Grafana Dashboard using Telegraf with additional plugins

wrightsonm

Ok so steps i've performed so far. I think there are bugs in the latest git repository.

docker exec -it influxdb /bin/sh

influx delete --bucket pfsense --start '1970-01-01T00:00:00Z' --stop $(date +"%Y-%m-%dT%H:%M:%SZ")  --predicate '_measurement="tail_dnsbl_log"'

influx delete --bucket pfsense --start '1970-01-01T00:00:00Z' --stop $(date +"%Y-%m-%dT%H:%M:%SZ")  --predicate '_measurement="tail_ip_block_log"'

influx delete --bucket pfsense --start '1970-01-01T00:00:00Z' --stop $(date +"%Y-%m-%dT%H:%M:%SZ")  --predicate '_measurement="gateways"' --org-id [id]

influx delete --bucket pfsense --start '1970-01-01T00:00:00Z' --stop $(date +"%Y-%m-%dT%H:%M:%SZ")  --predicate '_measurement="interface"' --org-id [id]

If your WAN config looks like mine with ipv4 and ipv6 enabled, then you end up with a problem with the gateways telegraf lines as igb0 exists twice. Gateways used to use gateway_name probably for this reason. It means that the tag grouping won't work if you have ivp4 and ipv6 enabled.

So i've had to change telegraph_gateways.php to include gateway_name and then adjust the grafana dashboard to use gateway_name instead of interface. (basically reverting it back to how it worked on the previous revision.

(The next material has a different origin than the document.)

(* Let $w\in W_0^J$ and $\beta\in\Delta_0^+\setminus\Delta_J^+$ be such that there is an edge $\lfloor wr_\beta\rfloor\xleftarrow{\beta}w$ in the parabolic quantum Bruhat graph. Let $z\in W_J$ be such that $r_\theta w=\lfloor r_\theta w\rfloor z$ (note $z\beta\in\Delta_0^+\setminus\Delta_J^+$). (1) If $\langle w\Lambda,\alpha_0^\vee\rangle>0$ and $w\beta\ne\pm\theta$, then $\langle wr_\beta\Lambda,\alpha_0^\vee\rangle>0$ and there is an edge $\lfloor r_\theta wr_\beta\rfloor\xleftarrow{z\beta}\lfloor r_\theta w\rfloor$. (2) If $\langle wr_\beta\Lambda,\alpha_0^\vee\rangle<0$ and $w\beta\ne\pm\theta$, then $\langle w\Lambda,\alpha_0^\vee\rangle<0$ and there is an edge $\lfloor r_\theta wr_\beta\rfloor\xleftarrow{z\beta}\lfloor r_\theta w\rfloor$. (3) If $\langle wr_\beta\Lambda,\alpha_0^\vee\rangle<0$ and $\langle w\Lambda,\alpha_0^\vee\rangle\ge0$, then $w\beta=\pm\theta$. (4) If $\langle wr_\beta\Lambda,\alpha_0^\vee\rangle\le0$ and $\langle w\Lambda,\alpha_0^\vee\rangle>0$, then $w\beta=\pm\theta$.
   Context: Let $\mathfrak{g}$ be an untwisted affine Lie algebra with index set $I$, distinguished node $0$, $I_0=I\setminus\{0\}$, simple roots $\alpha_j$ and coroots $\alpha_j^\vee$, null root $\delta$, canonical central element $c$. Let $\Delta_0$ be the finite root system (indexed by $I_0$) with positive roots $\Delta_0^+$, negative roots $\Delta_0^-$, highest root $\theta$, Weyl group $W_0$ generated by $r_j$ ($j\in I_0$); $r_\theta$ is the reflection in $\theta$; $\alpha_0^\vee=-\theta^\vee+c$. Let $\lambda=\sum_{i\in I_0}m_i\varpi_i$ ($m_i\in\mathbb{Z}_{\ge0}$, $\varpi_i=\Lambda_i-a_i^\vee\Lambda_0$ the level-zero fundamental weights) and $\Lambda=\mathrm{cl}(\lambda)$ its image modulo $\mathbb{C}\delta$; since $\Lambda$ has level zero, $\langle\mu,\alpha_0^\vee\rangle=-\langle\mu,\theta^\vee\rangle$ for $\mu\in W_0\Lambda$. Let $J=\{j\in I_0\mid\langle\Lambda,\alpha_j^\vee\rangle=0\}$, $W_J=\langle r_j\mid j\in J\rangle$, $\Delta_J^+=\Delta_0^+\cap\bigoplus_{j\in J}\mathbb{Z}\alpha_j$, $W_0^J$ the minimal-length representatives of $W_0/W_J$, $\lfloor w\rfloor\in W_0^J$ the representative of $wW_J$, $\ell$ the length, $\rho=\frac12\sum_{\alpha\in\Delta_0^+}\alpha$, $\rho_J=\frac12\sum_{\alpha\in\Delta_J^+}\alpha$. The parabolic quantum Bruhat graph has vertex set $W_0^J$ and a directed edge $\lfloor wr_\beta\rfloor\xleftarrow{\beta}w$ for $w\in W_0^J$, $\beta\in\Delta_0^+\setminus\Delta_J^+$, whenever either $\ell(\lfloor wr_\beta\rfloor)=\ell(w)+1$ or $\ell(\lfloor wr_\beta\rfloor)=\ell(w)-2\langle\rho-\rho_J,\beta^\vee\rangle+1$. *)

theory Defs
  imports "HOL-Analysis.Analysis"
begin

Next issue is telegraf is nolonger exporting the interface measurement.

Looks like this changeset replaced "interface" with "gateways". Looks like a copy paste issue to me.
github diff

As a result of this problem, none of the interfaces show up correctly on the dashboards.
The interface summaries work with the old version of telegraf_pfinterface.php

Final note, is this dashboard now requires a 1440p monitor to view everything without horizontal scrolling. Would be nice if it would display on 1080p monitors

wrightsonm

@wrightsonm
This is the dashboard working once again for me:

telegraf --test --config /usr/local/etc/telegraf.conf

Grafana Gateway Variable changed back to:

SHOW TAG VALUES FROM "gateways" WITH KEY = "gateway_name" WHERE "host" =~ /^$Host$/

Modified plugins:
telegraf_gateways.php.txt

Reverted plugin:
telegraf_pfinterface.php.txt

Modified dashboard:
grafana.json.txt

VictorRobellini

@wrightsonm said in Grafana Dashboard using Telegraf with additional plugins:

with ipv4 and ipv6 enabled, then you end up with a problem with the gateways telegraf lines as igb0 exists twice

Does this happen for the interface table? If you are willing to troubleshoot this with me, please open a github issue so we don't flood this thread with troubleshooting.

VictorRobellini

@jpetovello This is a pet project I built for use with my homelab and documented to help others. The main prereqs are that you have influx and grafana already set up. I didn't document that since everyone is going to have their systems set up differently. Luckily, there's no shortage of tutorials available online. My recommendation is to get your influxdb and grafana setup, read the github readme, read through this thread, and search the closed issues in the github project.

wrightsonm

@victorrobellini yeah sure. I've not got any time until Tuesday now. The solution is in the attachments and pictures above. I can raise a Pull Request with the fixes on Tuesday if you like?

VictorRobellini

@wrightsonm I just reread what you wrote. I have no idea how that happened. Thanks for the heads up. I may just merge the 2 scripts since they are doing very similar stuff. I'll take a look this weekend.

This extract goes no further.